### TASK REQUIREMENTS:
Exactly as they appear, output all of the entries.

### AVAILABLE DATA:
lemma no_edge_in_thick_nbhd:
  assumes "2 < card (nbhd i v)" "v < n"
    and a: "a \<in> nbhd i v - thin_nbhd i v" and b: "b \<in> nbhd i v - thin_nbhd i v" and "a \<noteq> b"
  shows "c a b \<noteq> i"
proof
  assume ab: "c a b = i"
  have a': "a < n" "a \<noteq> v" "c v a = i" and b': "b < n" "b \<noteq> v" "c v b = i"
    using a b by (auto simp: nbhd_def)
  have "b \<in> nbhd i a" "a \<in> nbhd i b"
    using a' b' ab sym[of b a] \<open>a \<noteq> b\<close> by (auto simp: nbhd_def)
  obtain w where w: "w \<in> nbhd i v" "w \<noteq> a" "w \<noteq> b" using ex_not_in_pair[OF assms(1)] by blast
  obtain p where p: "p \<in> nbhd i a" "p \<noteq> v" "p \<noteq> b"
    using not_thin_ex_nbr[OF a \<open>b \<in> nbhd i a\<close> \<open>b \<noteq> v\<close> \<open>v < n\<close>] by blast
  obtain q where q: "q \<in> nbhd i b" "q \<noteq> v" "q \<noteq> a"
    using not_thin_ex_nbr[OF b \<open>a \<in> nbhd i b\<close> \<open>a \<noteq> v\<close> \<open>v < n\<close>] by blast
  have "w < n" "w \<noteq> v" "c v w = i" using w(1) by (auto simp: nbhd_def)
  moreover have "p < n" "p \<noteq> a" "c a p = i" using p(1) by (auto simp: nbhd_def)
  moreover have "q < n" "q \<noteq> b" "c b q = i" using q(1) by (auto simp: nbhd_def)
  ultimately have "\<exists>H\<in>K4_star. mono_copy n c H"
    using w(2,3) p(2,3) q(2,3) a' b' ab \<open>v < n\<close> \<open>a \<noteq> b\<close>
    by (intro mono_triangle_with_pendants[where a = v and b = a and x = b and p = w and q = p and r = q,
        OF sym]) auto
  then show False using K4_star_free by blast
qed

lemma card_nbhd_le:
  assumes "arrows K4_star m (k - 1)" "3 \<le> m" "v < n" "i < k"
  shows "card (nbhd i v) \<le> m - 1 + card (thin_nbhd i v)"
proof (cases "2 < card (nbhd i v)")
  case True
  have "card (nbhd i v - thin_nbhd i v) < m"
  proof (rule ccontr)
    assume "\<not> ?thesis"
    then have "m \<le> card (nbhd i v - thin_nbhd i v)" by simp
    moreover have "nbhd i v - thin_nbhd i v \<subseteq> {..<n}" using nbhd_subset by blast
    ultimately have "\<exists>H\<in>K4_star. mono_copy n c H"
      using no_edge_in_thick_nbhd[OF True \<open>v < n\<close>] wf_pattern_K4_star
      by (intro arrows_on_colour_free_set[OF assms(1) _ colouring \<open>i < k\<close>]) auto
    then show False using K4_star_free by blast
  qed
  moreover have "card (nbhd i v) \<le> card (nbhd i v - thin_nbhd i v) + card (thin_nbhd i v)"
    by (metis Diff_partition thin_nbhd_subset Un_commute card_Un_le)
  ultimately show ?thesis by linarith
next
  case False
  then show ?thesis using \<open>3 \<le> m\<close> by linarith
qed

lemma card_minus_one_le_sum_card_nbhd:
  assumes "v < n" shows "n - 1 \<le> (\<Sum>i<k. card (nbhd i v))"
proof -
  have "{..<n} - {v} \<subseteq> (\<Union>i<k. nbhd i v)"
    using colouring assms by (auto simp: nbhd_def edge_colouring_def)
  then have "card ({..<n} - {v}) \<le> card (\<Union>i<k. nbhd i v)" by (intro card_mono) auto
  also have "\<dots> \<le> (\<Sum>i<k. card (nbhd i v))" by (rule card_UN_le) simp
  finally show ?thesis using assms by simp
qed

### RESULT FOR THIS EXERCISE:
lemma no_edge_in_thick_nbhd:
  assumes "2 < card (nbhd i v)" "v < n"
    and a: "a \<in> nbhd i v - thin_nbhd i v" and b: "b \<in> nbhd i v - thin_nbhd i v" and "a \<noteq> b"
  shows "c a b \<noteq> i"
proof
  assume ab: "c a b = i"
  have a': "a < n" "a \<noteq> v" "c v a = i" and b': "b < n" "b \<noteq> v" "c v b = i"
    using a b by (auto simp: nbhd_def)
  have "b \<in> nbhd i a" "a \<in> nbhd i b"
    using a' b' ab sym[of b a] \<open>a \<noteq> b\<close> by (auto simp: nbhd_def)
  obtain w where w: "w \<in> nbhd i v" "w \<noteq> a" "w \<noteq> b" using ex_not_in_pair[OF assms(1)] by blast
  obtain p where p: "p \<in> nbhd i a" "p \<noteq> v" "p \<noteq> b"
    using not_thin_ex_nbr[OF a \<open>b \<in> nbhd i a\<close> \<open>b \<noteq> v\<close> \<open>v < n\<close>] by blast
  obtain q where q: "q \<in> nbhd i b" "q \<noteq> v" "q \<noteq> a"
    using not_thin_ex_nbr[OF b \<open>a \<in> nbhd i b\<close> \<open>a \<noteq> v\<close> \<open>v < n\<close>] by blast
  have "w < n" "w \<noteq> v" "c v w = i" using w(1) by (auto simp: nbhd_def)
  moreover have "p < n" "p \<noteq> a" "c a p = i" using p(1) by (auto simp: nbhd_def)
  moreover have "q < n" "q \<noteq> b" "c b q = i" using q(1) by (auto simp: nbhd_def)
  ultimately have "\<exists>H\<in>K4_star. mono_copy n c H"
    using w(2,3) p(2,3) q(2,3) a' b' ab \<open>v < n\<close> \<open>a \<noteq> b\<close>
    by (intro mono_triangle_with_pendants[where a = v and b = a and x = b and p = w and q = p and r = q,
        OF sym]) auto
  then show False using K4_star_free by blast
qed

lemma card_nbhd_le:
  assumes "arrows K4_star m (k - 1)" "3 \<le> m" "v < n" "i < k"
  shows "card (nbhd i v) \<le> m - 1 + card (thin_nbhd i v)"
proof (cases "2 < card (nbhd i v)")
  case True
  have "card (nbhd i v - thin_nbhd i v) < m"
  proof (rule ccontr)
    assume "\<not> ?thesis"
    then have "m \<le> card (nbhd i v - thin_nbhd i v)" by simp
    moreover have "nbhd i v - thin_nbhd i v \<subseteq> {..<n}" using nbhd_subset by blast
    ultimately have "\<exists>H\<in>K4_star. mono_copy n c H"
      using no_edge_in_thick_nbhd[OF True \<open>v < n\<close>] wf_pattern_K4_star
      by (intro arrows_on_colour_free_set[OF assms(1) _ colouring \<open>i < k\<close>]) auto
    then show False using K4_star_free by blast
  qed
  moreover have "card (nbhd i v) \<le> card (nbhd i v - thin_nbhd i v) + card (thin_nbhd i v)"
    by (metis Diff_partition thin_nbhd_subset Un_commute card_Un_le)
  ultimately show ?thesis by linarith
next
  case False
  then show ?thesis using \<open>3 \<le> m\<close> by linarith
qed

lemma card_minus_one_le_sum_card_nbhd:
  assumes "v < n" shows "n - 1 \<le> (\<Sum>i<k. card (nbhd i v))"
proof -
  have "{..<n} - {v} \<subseteq> (\<Union>i<k. nbhd i v)"
    using colouring assms by (auto simp: nbhd_def edge_colouring_def)
  then have "card ({..<n} - {v}) \<le> card (\<Union>i<k. nbhd i v)" by (intro card_mono) auto
  also have "\<dots> \<le> (\<Sum>i<k. card (nbhd i v))" by (rule card_UN_le) simp
  finally show ?thesis using assms by simp
qed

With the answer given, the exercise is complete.